Each line below from the one containing "x \<in> derived_series" through the one containing "br \<longleftrightarrow> (\<exists>n." is to be given again exactly, and no line outside that span.

#### Exercise materials
--------
(* Let $\mathfrak{g}$ be a nonzero finite-dimensional complex solvable Lie algebra. Then $\mathfrak{g}$ admits a non-trivial CPA-structure.
   Context: A CPA-structure on a Lie algebra $\mathfrak{g}$ is a bilinear product $x\cdot y$ on $\mathfrak{g}$ satisfying, for all $x,y,z$: $x\cdot y=y\cdot x$; $[x,y]\cdot z=x\cdot(y\cdot z)-y\cdot(x\cdot z)$; $x\cdot[y,z]=[x\cdot y,z]+[y,x\cdot z]$. It is non-trivial if $x\cdot y\neq0$ for some $x,y$. *)

theory Defs
  imports Complex_Main
begin

definition lie_algebra :: "(complex \<Rightarrow> 'a::ab_group_add \<Rightarrow> 'a) \<Rightarrow> ('a \<Rightarrow> 'a \<Rightarrow> 'a) \<Rightarrow> bool" where
  "lie_algebra sc br \<longleftrightarrow>
     vector_space sc \<and>
     (\<forall>x y z. br (x + y) z = br x z + br y z) \<and>
     (\<forall>x y z. br x (y + z) = br x y + br x z) \<and>
     (\<forall>c x y. br (sc c x) y = sc c (br x y)) \<and>
     (\<forall>c x y. br x (sc c y) = sc c (br x y)) \<and>
     (\<forall>x. br x x = 0) \<and>
     (\<forall>x y z. br x (br y z) + br y (br z x) + br z (br x y) = 0)"

definition fin_dim :: "(complex \<Rightarrow> 'a::ab_group_add \<Rightarrow> 'a) \<Rightarrow> bool" where
  "fin_dim sc \<longleftrightarrow> (\<exists>B. finite B \<and> module.span sc B = UNIV)"

fun derived_series :: "(complex \<Rightarrow> 'a::ab_group_add \<Rightarrow> 'a) \<Rightarrow> ('a \<Rightarrow> 'a \<Rightarrow> 'a) \<Rightarrow> nat \<Rightarrow> 'a set" where
  "derived_series sc br 0 = UNIV"
| "derived_series sc br (Suc n) =
     module.span sc {br x y | x y. x \<in> derived_series sc br n \<and> y \<in> derived_series sc br n}"

definition solvable_lie :: "(complex \<Rightarrow> 'a::ab_group_add \<Rightarrow> 'a) \<Rightarrow> ('a \<Rightarrow> 'a \<Rightarrow> 'a) \<Rightarrow> bool" where
  "solvable_lie sc br \<longleftrightarrow> (\<exists>n. derived_series sc br n = {0})"

definition cpa_structure :: "(complex \<Rightarrow> 'a::ab_group_add \<Rightarrow> 'a) \<Rightarrow> ('a \<Rightarrow> 'a \<Rightarrow> 'a) \<Rightarrow> ('a \<Rightarrow> 'a \<Rightarrow> 'a) \<Rightarrow> bool" where
  "cpa_structure sc br p \<longleftrightarrow>
     (\<forall>x y z. p (x + y) z = p x z + p y z) \<and>
     (\<forall>x y z. p x (y + z) = p x y + p x z) \<and>
     (\<forall>c x y. p (sc c x) y = sc c (p x y)) \<and>
     (\<forall>c x y. p x (sc c y) = sc c (p x y)) \<and>
     (\<forall>x y. p x y = p y x) \<and>
     (\<forall>x y z. p (br x y) z = p x (p y z) - p y (p x z)) \<and>
     (\<forall>x y z. p x (br y z) = br (p x y) z + br y (p x z))"

end

theory Submission
  imports Defs "HOL-Computational_Algebra.Fundamental_Theorem_Algebra"
begin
--------
#### Result of this exercise
     module.span sc {br x y | x y. x \<in> derived_series sc br n \<and> y \<in> derived_series sc br n}"

definition solvable_lie :: "(complex \<Rightarrow> 'a::ab_group_add \<Rightarrow> 'a) \<Rightarrow> ('a \<Rightarrow> 'a \<Rightarrow> 'a) \<Rightarrow> bool" where
  "solvable_lie sc br \<longleftrightarrow> (\<exists>n. derived_series sc br n = {0})"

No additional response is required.